An adjacency list occupies 8e space, where e is the number of edges (32bit computer).

一个邻接表占用8e空间，其中e是边数（32位计算机）。

If we define the density of the graph as d = e/n²(number of edges divided by the maximum number of edges), we can find the "breakpoint" where a list takes up more memory than a matrix:

如果我们将图的密度定义为 d = e/n ²（边数除以最大边数），我们可以找到列表比矩阵占用更多内存的“断点”：

8e > n²/8when d > 1/64

8e > n ²/8当 d > 1/64

So with these numbers (still 32-bit specific) the breakpoint lands at 1/64. If the density (e/n²) is bigger than 1/64, then a matrixis preferable if you want to save memory.

因此，对于这些数字（仍然是 32 位特定的），断点位于1/64。如果密度 (e/n ²) 大于 1/64，那么如果您想节省内存，最好使用矩阵。

You can read about this at wikipedia(article on adjacency matrices) and a lot of other sites.

您可以在维基百科（关于邻接矩阵的文章）和许多其他网站上阅读相关内容。

Side note: One can improve the space-efficiency of the adjacency matrix by using a hash table where the keys are pairs of vertices (undirected only).

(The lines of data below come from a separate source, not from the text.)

lemma D_antimagic_one_if_distinct_successors:
  assumes "oriented_graph V A" "distinct_successors A V"
  shows "D_antimagic V A {1}"
proof -
  obtain f where f: "bij_betw f V {1..card V}"
    using finite_same_card_bij[of V "{1..card V}"] assms(1) by (auto simp: oriented_graph_def)
  then show ?thesis
    using weight_D_one_distinct_successors(1)[OF assms(1) f assms(2)]
    by (auto simp: D_antimagic_def D_antimagic_labeling_def)
qed

lemma ex_labeling_with_max:
  assumes "finite V" "b \<in> V"
  obtains f where "bij_betw f V {1..card V}" "f b = card V"
proof -
  obtain g where g: "bij_betw g V {1..card V}"
    using finite_same_card_bij[of V "{1..card V}"] assms(1) by auto
  have "g b \<in> {1..card V}"
    by (rule bij_betw_apply[OF g assms(2)])
  moreover have "card V \<in> {1..card V}"
    using assms card_gt_0_iff[of V] by auto
  ultimately have "bij_betw (transpose (g b) (card V)) {1..card V} {1..card V}"
    by (intro bij_betw_transpose_iff) blast
  then have "bij_betw (transpose (g b) (card V) \<circ> g) V {1..card V}"
    using g bij_betw_trans by blast
  moreover have "(transpose (g b) (card V) \<circ> g) b = card V"
    by simp
  ultimately show ?thesis
    using that by blast
qed

lemma D_antimagic_one_if_source_sink:
  assumes "oriented_graph V A" "a \<in> V" "z \<in> V" "b \<noteq> z"
    and "A `` {a} = {b, z}" "A `` {z} = {}" "distinct_successors A (V - {a, z})"
  shows "D_antimagic V A {1}"
proof -
  have "b \<in> V"
    using assms(1,5) by (auto simp: oriented_graph_def)
  then obtain f where f: "bij_betw f V {1..card V}" "f b = card V"
    using ex_labeling_with_max assms(1) by (metis oriented_graph_def)
  let ?w = "weight_D V A {1} f"
  have rest: "inj_on ?w (V - {a, z})" "?w ` (V - {a, z}) \<subseteq> {1..card V}"
    using weight_D_one_distinct_successors[OF assms(1) f(1) assms(7)] by auto
  have "f z \<ge> 1"
    using bij_betw_apply[OF f(1) assms(3)] by simp
  then have wa: "?w a > card V"
    using assms(4,5) f(2) unfolding weight_D_one[OF assms(1)] by simp
  have wz: "?w z = 0"
    using assms(6) unfolding weight_D_one[OF assms(1)] by simp
  have "a \<noteq> z"
    using assms(5,6) by auto
  have "inj_on ?w (insert a (insert z (V - {a, z})))"
    using rest wa wz \<open>a \<noteq> z\<close> by (fastforce simp: inj_on_insert)
  moreover have "insert a (insert z (V - {a, z})) = V"
    using assms(2,3) by auto
  ultimately have "inj_on ?w V"
    by simp
  then show ?thesis
    using f(1) unfolding D_antimagic_def D_antimagic_labeling_def by blast
qed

旁注：可以通过使用哈希表来提高邻接矩阵的空间效率，其中键是顶点对（仅限无向）。

Iteration and lookup

迭代和查找

Adjacency lists are a compact way of representing only existing edges. However, this comes at the cost of possibly slow lookup of specific edges. Since each list is as long as the degree of a vertex the worst case lookup time of checking for a specific edge can become O(n), if the list is unordered. However, looking up the neighbours of a vertex becomes trivial, and for a sparse or small graph the cost of iterating through the adjacency lists might be negligible.

邻接表是一种仅表示现有边的紧凑方式。然而，这是以可能缓慢查找特定边为代价的。由于每个列表与顶点的度数一样长，因此如果列表是无序的，则检查特定边的最坏情况查找时间可能变为 O(n)。然而，查找顶点的邻居变得微不足道，对于稀疏或小图，遍历邻接列表的成本可能可以忽略不计。

Adjacency matrices on the other hand use more space in order to provide constant lookup time. Since every possible entry exists you can check for the existence of an edge in constant time using indexes. However, neighbour lookup takes O(n) since you need to check all possible neighbours. The obvious space drawback is that for sparse graphs a lot of padding is added. See the memory discussion above for more information on this.

另一方面，邻接矩阵使用更多空间以提供恒定的查找时间。由于每个可能的条目都存在，您可以使用索引在恒定时间内检查边缘的存在。但是，邻居查找需要 O(n)，因为您需要检查所有可能的邻居。明显的空间缺点是对于稀疏图，添加了大量填充。有关更多信息，请参阅上面的内存讨论。

If you're still unsure what to use: Most real-world problems produce sparse and/or large graphs, which are better suited for adjacency list representations. They might seem harder to implement but I assure you they aren't, and when you write a BFS or DFS and want to fetch all neighbours of a node they're just one line of code away. However, note that I'm not promoting adjacency lists in general.

如果您仍然不确定使用什么：大多数现实世界的问题都会产生稀疏和/或大图，它们更适合于邻接列表表示。它们可能看起来更难实现，但我向你保证它们不是，当你编写 BFS 或 DFS 并想要获取节点的所有邻居时，它们只是一行代码。但是，请注意，我一般不会推广邻接列表。

Okay, I've compiled the Time and Space complexities of basic operations on graphs.
The image below should be self-explanatory.
Notice how Adjacency Matrix is preferable when we expect the graph to be dense, and how Adjacency List is preferable when we expect the graph to be sparse.
I've made some assumptions. Ask me if a complexity (Time or Space) needs clarification. (For example, For a sparse graph, I've taken En to be a small constant, as I've assumed that addition of a new vertex will add only a few edges, because we expect the graph to remain sparse even after adding that vertex.)

好的，我已经编译了图上基本操作的时间和空间复杂性。
下面的图片应该是不言自明的。
请注意，当我们期望图形是密集的时，邻接矩阵是如何更可取的，而当我们期望图形是稀疏的时，邻接列表是如何更可取的。
我做了一些假设。问我是否需要澄清复杂性（时间或空间）。（例如，对于稀疏图，我将 En 作为一个小常数，因为我假设添加一个新顶点只会添加几条边，因为我们希望即使在添加之后，图仍会保持稀疏顶点。）

Please tell me if there are any mistakes.

请告诉我是否有任何错误。

It depends on what you're looking for.

这取决于你在寻找什么。

With adjacency matricesyou can answer fast to questions regarding if a specific edge between two vertices belongs to the graph, and you can also have quick insertions and deletions of edges. The downsideis that you have to use excessive space, especially for graphs with many vertices, which is very inefficient especially if your graph is sparse.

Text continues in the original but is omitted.